24.3866 · Interpellanza · 2024-09-12
Cancelleria federale
La dichiarazione sull’intervento è disponibile
Wortlaut
Il corpo degli alti ufficiali superiori della Svizzera francese è stato letteralmente decimato negli ultimi tempi, con la partenza di rispettati comandanti la cui lealtà verso il Paese è stata messa in discussione semplicemente perché, per motivi non di carattere pubblico, non è stata loro rilasciata la dichiarazione di sicurezza in base al controllo di sicurezza relativo alle persone (CSP) richiesto agli ufficiali del loro grado. Molte voci, fra cui anche alcuni media di lingua tedesca, hanno espresso stupore per quelle che alcuni considerano epurazioni e per la natura a dir poco discutibile di alcune domande intime poste durante questi controlli.

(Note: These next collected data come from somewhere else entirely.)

(* Suppose $p=2$, $\rho>0$ and $\mathbb{P}_\circ\in\mathscr{Q}_2$. Then for any $\mu\in\mathscr{M}_2(\mathbb{P}_\circ,\rho)$ and $X\in\mathcal{O}^{d,r}$, $$\psi(\mu,X)=\Big(\big(\mathrm{tr}((I_d-XX^\top)\Sigma_\circ)\big)^{1/2}+\big(\rho^2-\|\mu-\mathbb{E}_{\mathbb{P}_\circ}[\xi_\circ]\|_2^2\big)^{1/2}\Big)^2+\mathrm{tr}\big((I_d-XX^\top)\mu\mu^\top\big).$$
   Context: Let $d,r$ be integers with $1\le r<d$ and $\mathcal{O}^{d,r}=\{X\in\mathbb{R}^{d\times r}: X^\top X=I_r\}$. $\mathscr{Q}_2$ is the set of Borel probability distributions on $\mathbb{R}^d$ with finite second moment, and $\mathbb{W}_2(\mathbb{P}_1,\mathbb{P}_2)=\inf_{\mathbb{Q}\in\mathscr{J}(\mathbb{P}_1,\mathbb{P}_2)}\big(\mathbb{E}_{(\xi_1,\xi_2)\sim\mathbb{Q}}\|\xi_1-\xi_2\|_2^2\big)^{1/2}$, with $\mathscr{J}(\mathbb{P}_1,\mathbb{P}_2)$ the set of couplings of $\mathbb{P}_1,\mathbb{P}_2$. For $X\in\mathcal{O}^{d,r}$ let $\omega_X(\xi)=\mathrm{tr}((I_d-XX^\top)\xi\xi^\top)$. Let $\mathscr{M}_2(\mathbb{P}_\circ,\rho)=\{\mathbb{E}_{\mathbb{P}}[\xi]:\mathbb{P}\in\mathscr{Q}_2,\ \mathbb{W}_2(\mathbb{P},\mathbb{P}_\circ)\le\rho\}$ and, for $\mu$ in this set, $\psi(\mu,X)=\sup\{\mathbb{E}_{\mathbb{P}}[\omega_X(\xi)]:\mathbb{P}\in\mathscr{Q}_2,\ \mathbb{W}_2(\mathbb{P},\mathbb{P}_\circ)\le\rho,\ \mathbb{E}_{\mathbb{P}}[\xi]=\mu\}$. $\Sigma_\circ=\mathbb{E}_{\mathbb{P}_\circ}[(\xi-\mathbb{E}_{\mathbb{P}_\circ}[\xi])(\xi-\mathbb{E}_{\mathbb{P}_\circ}[\xi])^\top]$ is the covariance matrix under $\mathbb{P}_\circ$. *)

theory Defs
  imports "HOL-Probability.Probability"
begin

definition Q2 :: "(real^'d) measure set" where
  "Q2 = {P. prob_space P \<and> sets P = sets borel \<and> integrable P (\<lambda>x. (norm x)^2)}"

definition couplings :: "(real^'d) measure \<Rightarrow> (real^'d) measure \<Rightarrow> ((real^'d) \<times> (real^'d)) measure set" where
  "couplings P1 P2 = {Q. prob_space Q \<and> sets Q = sets borel \<and>
       distr Q borel fst = P1 \<and> distr Q borel snd = P2}"

definition W2 :: "(real^'d) measure \<Rightarrow> (real^'d) measure \<Rightarrow> real" where
  "W2 P1 P2 = sqrt (Inf ((\<lambda>Q. \<integral>z. (norm (fst z - snd z))^2 \<partial>Q) ` couplings P1 P2))"
lemma piece_root:
  assumes "c \<in> N"
  shows "piece N c {}"
proof -
  have "attached_at F N (- N) c" using edge_nodes unfolding attached_at_def by blast
  then show ?thesis using assms tree_NF unfolding piece_def tree_def by auto
qed

lemma owned_root: "owned N {} = V"
  unfolding owned_def using T_nonempty by auto

lemma path_decomposition_bags:
  assumes Z: "induced_pd F N Z"
  shows "path_decomposition V E (map (\<lambda>Y. \<Union>(B ` Y)) Z)"
  unfolding path_decomposition_def
proof (intro conjI ballI allI impI)
  let ?Ps = "map (\<lambda>Y. \<Union>(B ` Y)) Z"
  have ZN: "\<And>Y. Y \<in> set Z \<Longrightarrow> Y \<subseteq> N" using induced_pdD(2)[OF Z] .
  have mem: "v \<in> ?Ps ! i \<longleftrightarrow> Z ! i \<inter> T v \<noteq> {}" if "i < length Z" for v i
    using ZN[OF nth_mem[OF that]] that by auto
  show "?Ps \<noteq> []" using induced_pdD(1)[OF Z] by simp
  show "X \<subseteq> V" if "X \<in> set ?Ps" for X using that ZN bag_subset by auto
  show "\<exists>X\<in>set ?Ps. e \<subseteq> X" if e: "e \<in> E" for e
  proof -
    obtain x where x: "x \<in> N" "e \<subseteq> B x" using edge_in_bag[OF e] by blast
    obtain Y where "Y \<in> set Z" "x \<in> Y" using induced_pdD(3)[OF Z x(1)] by blast
    then show ?thesis using x(2) by auto
  qed
  show "\<exists>X\<in>set ?Ps. v \<in> X" if v: "v \<in> V" for v
  proof -
    obtain x where x: "x \<in> T v" using T_nonempty[OF v] by blast
    obtain Y where "Y \<in> set Z" "x \<in> Y" using induced_pdD(3)[OF Z] x by blast
    then show ?thesis using x by auto
  qed
  fix v i j k assume v: "v \<in> V" and ijk: "i \<le> j \<and> j \<le> k \<and> k < length ?Ps \<and> v \<in> ?Ps ! i \<and> v \<in> ?Ps ! k"
  then have "Z ! j \<inter> T v \<noteq> {}"
    using induced_pd_connected_contiguous[OF Z _ connected_T[OF v], of i j k] mem by auto
  then show "v \<in> ?Ps ! j" using mem ijk by auto
qed

lemma layering_layout:
  assumes "layout N {} l Z f"
  shows "layering E f"
  unfolding layering_def
proof (intro allI impI)
  fix u v assume "{u, v} \<in> E"
  then obtain x where x: "x \<in> N" "u \<in> B x" "v \<in> B x" using edge_in_bag by blast
  then have "u \<in> owned N {}" "v \<in> owned N {}" using bag_subset owned_root by blast+
  then show "f u \<le> f v + 1 \<and> f v \<le> f u + 1" using layoutD(2)[OF assms] x by blast
qed

lemma card_layer_in_bag:
  assumes L: "layout N {} l Z f" and Y: "Y \<in> set Z"
  shows "card {v \<in> \<Union>(B ` Y). f v = i} \<le> w * (p + 1) * (w + 1)"
proof -
  obtain W where W: "W \<subseteq> Y" "card W \<le> w * (p + 1)"
    "{v \<in> V. f v = i \<and> (\<exists>x\<in>Y. v \<in> B x)} \<subseteq> \<Union>(B ` W)"
    using layoutD(5)[OF L Y, of i] unfolding owned_root by blast
  have YN: "Y \<subseteq> N" using induced_pdD(2)[OF layoutD(1)[OF L] Y] .
  then have WN: "W \<subseteq> N" using W(1) by blast
  then have finW: "finite W" using finite_N by (rule finite_subset)
  have "v \<in> V" if "v \<in> B x" "x \<in> Y" for v x using that YN bag_subset by blast
  then have "{v \<in> \<Union>(B ` Y). f v = i} \<subseteq> \<Union>(B ` W)" using W(3) by blast
  then have "card {v \<in> \<Union>(B ` Y). f v = i} \<le> card (\<Union>(B ` W))"
    using finW WN finite_bag by (intro card_mono) auto
  also have "\<dots> \<le> (\<Sum>x\<in>W. card (B x))" using card_UN_le[OF finW] by simp
  also have "\<dots> \<le> card W * (w + 1)"
    using sum_bounded_above[of W "\<lambda>x. card (B x)" "w + 1"] WN card_bag by auto
  also have "\<dots> \<le> w * (p + 1) * (w + 1)" using mult_le_mono1[OF W(2)] .
  finally show ?thesis .
qed

theorem layered_pathwidth_bound: "layered_pathwidth_le V E (w * (p + 1) * (w + 1))"
proof -
  obtain c where "c \<in> N" using tree_NF unfolding tree_def by blast
  then obtain Z f where L: "layout N {} 0 Z f" using layout_exists piece_root by blast
  have "\<forall>X\<in>set (map (\<lambda>Y. \<Union>(B ` Y)) Z). \<forall>i. card {v \<in> X. f v = i} \<le> w * (p + 1) * (w + 1)"
    using card_layer_in_bag[OF L] by auto
  then show ?thesis
    unfolding layered_pathwidth_le_def
    using path_decomposition_bags[OF layoutD(1)[OF L]] layering_layout[OF L] by blast
qed

end

theorem lemma10:
  fixes V :: "'a set" and E :: "'a set set"
    and N :: "'b set" and F :: "'b set set" and B :: "'b \<Rightarrow> 'a set"
    and w p :: nat
  assumes "graph V E"
    and "w \<ge> 1"
    and "good_tree_decomposition w p V E N F B"
  shows "layered_pathwidth_le V E (w * (p + 1) * (w + 1))"
proof -
  interpret good_td V E N F B w p using assms by unfold_locales
  show ?thesis by (rule layered_pathwidth_bound)
qed

end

Queste circostanze quantomeno inquietanti mi inducono a porre al Consiglio federale le seguenti domande:
1. Come, da chi e con quale profilo di competenze vengono assunti i responsabili dei CSP degli alti ufficiali superiori?
2. Chi vigila sul loro lavoro?
3. Chi provvede ad assicurare, in particolare, che le domande poste o discusse durante i colloqui relativi alla sicurezza abbiano un'attinenza ragionevole con la sicurezza interna o esterna del Paese? Chi definisce i criteri di base relativi ai rischi per la sicurezza? Questi criteri sono almeno in parte oggettivi o dipendono dal giudizio di un piccolo gruppo di funzionari pubblici?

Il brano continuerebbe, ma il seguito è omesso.